The Department of Homeland Security and the Pentagon were also hit, which is ironic given they are the very departments tasked with protecting our networks.  All of this, despite the fact that the United States has thrown billions after billions after billions of dollars to prevent this from happening.

 

The National Cybersecurity Protection System (NCPS) is, according to its website, “an integrated system-of-systems that delivers a range of capabilities, including intrusion detection, analytics, intrusion prevention, and information sharing capabilities that defend the civilian federal government’s information technology infrastructure from cyber threats and includes the hardware, software, supporting processes, training, and services that the program develops and acquires to support DHS’s cybersecurity mission.”

 

These capabilities, known as EINSTEIN, “provide a technological foundation that enables the Department of Homeland Security to secure and defend the federal civilian government’s information technology infrastructure against advanced cyber threats.”

 

Ummm...we should probably give EINSTEIN a new name since it completely missed hundreds of Russians stealthily digging around our governmental networks for months.  Just say'n...

This is all the more frustrating given that, in December 2018, the Government Accountability Office (GAO) warned of this exact thing happening: “The 23 civilian agencies covered by the Chief Financial Officers Act of 1990 have often not effectively implemented the federal government’s approach and strategy for securing information systems.  Until agencies more effectively implement the government’s approach and strategy, federal systems will remain at risk.”

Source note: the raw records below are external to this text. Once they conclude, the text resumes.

lemma disjoint_family_on_point_windows:
  "disjoint_family_on (\<lambda>g. {\<omega>. \<forall>i<n. \<omega> (k + int i) = g i}) (PiE {..<n} S)"
  unfolding disjoint_family_on_def
proof (intro ballI impI)
  fix g g' assume "g \<in> PiE {..<n} S" "g' \<in> PiE {..<n} S" "g \<noteq> g'"
  then have "\<exists>i<n. g i \<noteq> g' i"
    by (metis PiE_ext lessThan_iff)
  then show "{\<omega>. \<forall>i<n. \<omega> (k + int i) = g i} \<inter> {\<omega>. \<forall>i<n. \<omega> (k + int i) = g' i} = {}"
    by auto
qed

lemma edge_pair_eq_window:
  "{\<omega>. \<omega> m = e \<and> \<omega> (m + 1) = e'} = {\<omega>. \<forall>i<2. \<omega> (m + int i) = (if i = 0 then e else e')}"
  by (auto simp: less_2_cases_iff)

definition path_weight ::
    "('v \<times> 'v) set \<Rightarrow> (('v \<times> 'v) \<Rightarrow> real) \<Rightarrow> nat \<Rightarrow> (nat \<Rightarrow> 'v \<times> 'v) \<Rightarrow> real" where
  "path_weight E P n f =
    (if is_path E n f then P (f 0) * (\<Prod>i\<in>{1..<n}. trans E P (f i)) else 0)"

lemma is_path_cong: "(\<And>i. i < n \<Longrightarrow> f i = g i) \<Longrightarrow> is_path E n f = is_path E n g"
  unfolding is_path_def by (metis Suc_lessD)

lemma is_path_Suc_Suc:
  "is_path E (Suc (Suc n)) f \<longleftrightarrow> is_path E (Suc n) f \<and> f (Suc n) \<in> E \<and> snd (f n) = fst (f (Suc n))"
  unfolding is_path_def by (auto simp: less_Suc_eq)

lemma path_weight_extend:
  "path_weight E P (Suc (Suc n)) (f(Suc n := e))
     = path_weight E P (Suc n) f * (if e \<in> E \<and> snd (f n) = fst e then trans E P e else 0)"
proof -
  have "is_path E (Suc n) (f(Suc n := e)) = is_path E (Suc n) f"
    by (rule is_path_cong) simp
  then have path: "is_path E (Suc (Suc n)) (f(Suc n := e))
      \<longleftrightarrow> is_path E (Suc n) f \<and> e \<in> E \<and> snd (f n) = fst e"
    by (simp add: is_path_Suc_Suc)
  have "(\<Prod>i\<in>{1..<Suc n}. trans E P ((f(Suc n := e)) i)) = (\<Prod>i\<in>{1..<Suc n}. trans E P (f i))"
    by (intro prod.cong) auto
  then have "(\<Prod>i\<in>{1..<Suc (Suc n)}. trans E P ((f(Suc n := e)) i))
      = (\<Prod>i\<in>{1..<Suc n}. trans E P (f i)) * trans E P e"
    by (simp add: prod.atLeastLessThan_Suc)
  then show ?thesis
    by (simp add: path_weight_def path)
qed

lemma sum_PiE_lessThan_Suc:
  "(\<Sum>g\<in>PiE {..<Suc n} L. F g) = (\<Sum>e\<in>L n. \<Sum>g\<in>PiE {..<n} L. F (g(n := e)))"
proof -
  have PiE_eq: "PiE {..<Suc n} L = (\<lambda>(e, g). g(n := e)) ` (L n \<times> PiE {..<n} L)"
    using PiE_insert_eq[of n "{..<n}" L] by (simp add: lessThan_Suc)
  have "inj_on (\<lambda>(e, g). g(n := e)) (L n \<times> PiE {..<n} L)"
    by (rule inj_combinator) simp
  then show ?thesis
    unfolding PiE_eq by (simp add: sum.reindex sum.cartesian_product case_prod_unfold)
qed

lemma sum_trans_out_edges:
  assumes "stationary_mc V E P" and "w \<in> V"
  shows "(\<Sum>e\<in>{e\<in>E. fst e = w}. trans E P e) = 1"
proof -
  have "pi_out E P w > 0" using assms unfolding stationary_mc_def by blast
  have "(\<Sum>e\<in>{e\<in>E. fst e = w}. trans E P e) = (\<Sum>e\<in>{e\<in>E. fst e = w}. P e / pi_out E P w)"
    by (intro sum.cong) (auto simp: trans_def)
  also have "\<dots> = pi_out E P w / pi_out E P w"
    unfolding pi_out_def by (rule sum_divide_distrib[symmetric])
  finally show ?thesis using \<open>pi_out E P w > 0\<close> by simp
qed

locale finite_markov_process =
  fixes V :: "'v set" and E :: "('v \<times> 'v) set" and P :: "('v \<times> 'v) \<Rightarrow> real"
    and N :: "(int \<Rightarrow> ('v \<times> 'v)) measure"
  assumes markov: "markov_process V E P N" and stationary: "stationary_mc V E P"
    and finite_edges: "finite E" and edges_subset: "E \<subseteq> V \<times> V"
begin

sublocale prob_space N
  using markov by (simp add: markov_process_def)

lemma sets_N: "sets N = sets seq_space"
  using markov by (simp add: markov_process_def)

lemma space_N [simp]: "space N = UNIV"
  using sets_eq_imp_space_eq[OF sets_N] by simp

lemma window_in_events: "{\<omega>. \<forall>i<(n::nat). \<omega> (h i) \<in> X i} \<in> events"
  using window_in_sets_seq_space by (simp add: sets_N)

lemma measure_path_window:
  assumes "n \<ge> 1" and "is_path E n f"
  shows "prob {\<omega>. \<forall>i<n. \<omega> (k + int i) = f i} = path_weight E P n f"
  using markov assms by (simp add: markov_process_def path_weight_def)

lemma edge_pair_in_events: "{\<omega>. \<omega> m = e \<and> \<omega> (m + 1) = e'} \<in> events"
  using window_in_events[of 2 "\<lambda>i. m + int i" "\<lambda>i. {if i = 0 then e else e'}"]
  by (simp add: edge_pair_eq_window)

lemma measure_edge_pair:
  assumes "e \<in> E" and "e' \<in> E" and "snd e = fst e'"
  shows "prob {\<omega>. \<omega> m = e \<and> \<omega> (m + 1) = e'} = P e * trans E P e'"
proof -
  have "is_path E 2 (\<lambda>i. if i = 0 then e else e')"
    using assms by (simp add: is_path_def less_2_cases_iff)
  from measure_path_window[OF _ this, of m] show ?thesis
    by (simp add: edge_pair_eq_window path_weight_def \<open>is_path E 2 _\<close>)
qed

As if all of that is not humiliating enough, two other facts make it even worse: First, the United States government may have never discovered the hack at all.  A private cybersecurity firm named FireEye actually discovered it and informed U.S. intelligence agencies, calling the attack “top-tier operational tradecraft.”

Second, the Russians facilitated the attack from servers inside the United States.  Some of the servers were actually in the same city as their intended targets. This was actually the most brilliant part of the plan because this allowed them to exploit rules that prohibit U.S. federal agencies from conducting domestic surveillance.

The Russian assault was so sophisticated — and so flawlessly executed — that experts were reportedly “stunned” by its scope and impact.  It will be months — if not years, or maybe never — before we know how much damage has been done, but it is already apparent that the harm is significant and severe.

As a point of reference, the 2017 WannaCry fiasco — a hack perpetrated by North Korea that exploited a vulnerability in the Microsoft Windows operating system — reached 300,000 computer systems in 150 countries.  The estimated global loss caused by the attack is over $4 billion.

 

From all angles, it’s clear that China and Russia are ready to test the international order that America has ruled for decades, through military capabilities, hybrid warfare, and increasingly positive diplomatic relations around the world.

These countries are all the more dangerous because they view pesky things like human rights and the rule of law as nothing more than nuisances — and that philosophy can easily spread across the globe.

​The bottom line is that China and Russia’s crafty tactics are working, so we better find ways to nip them in the bud.  And fast.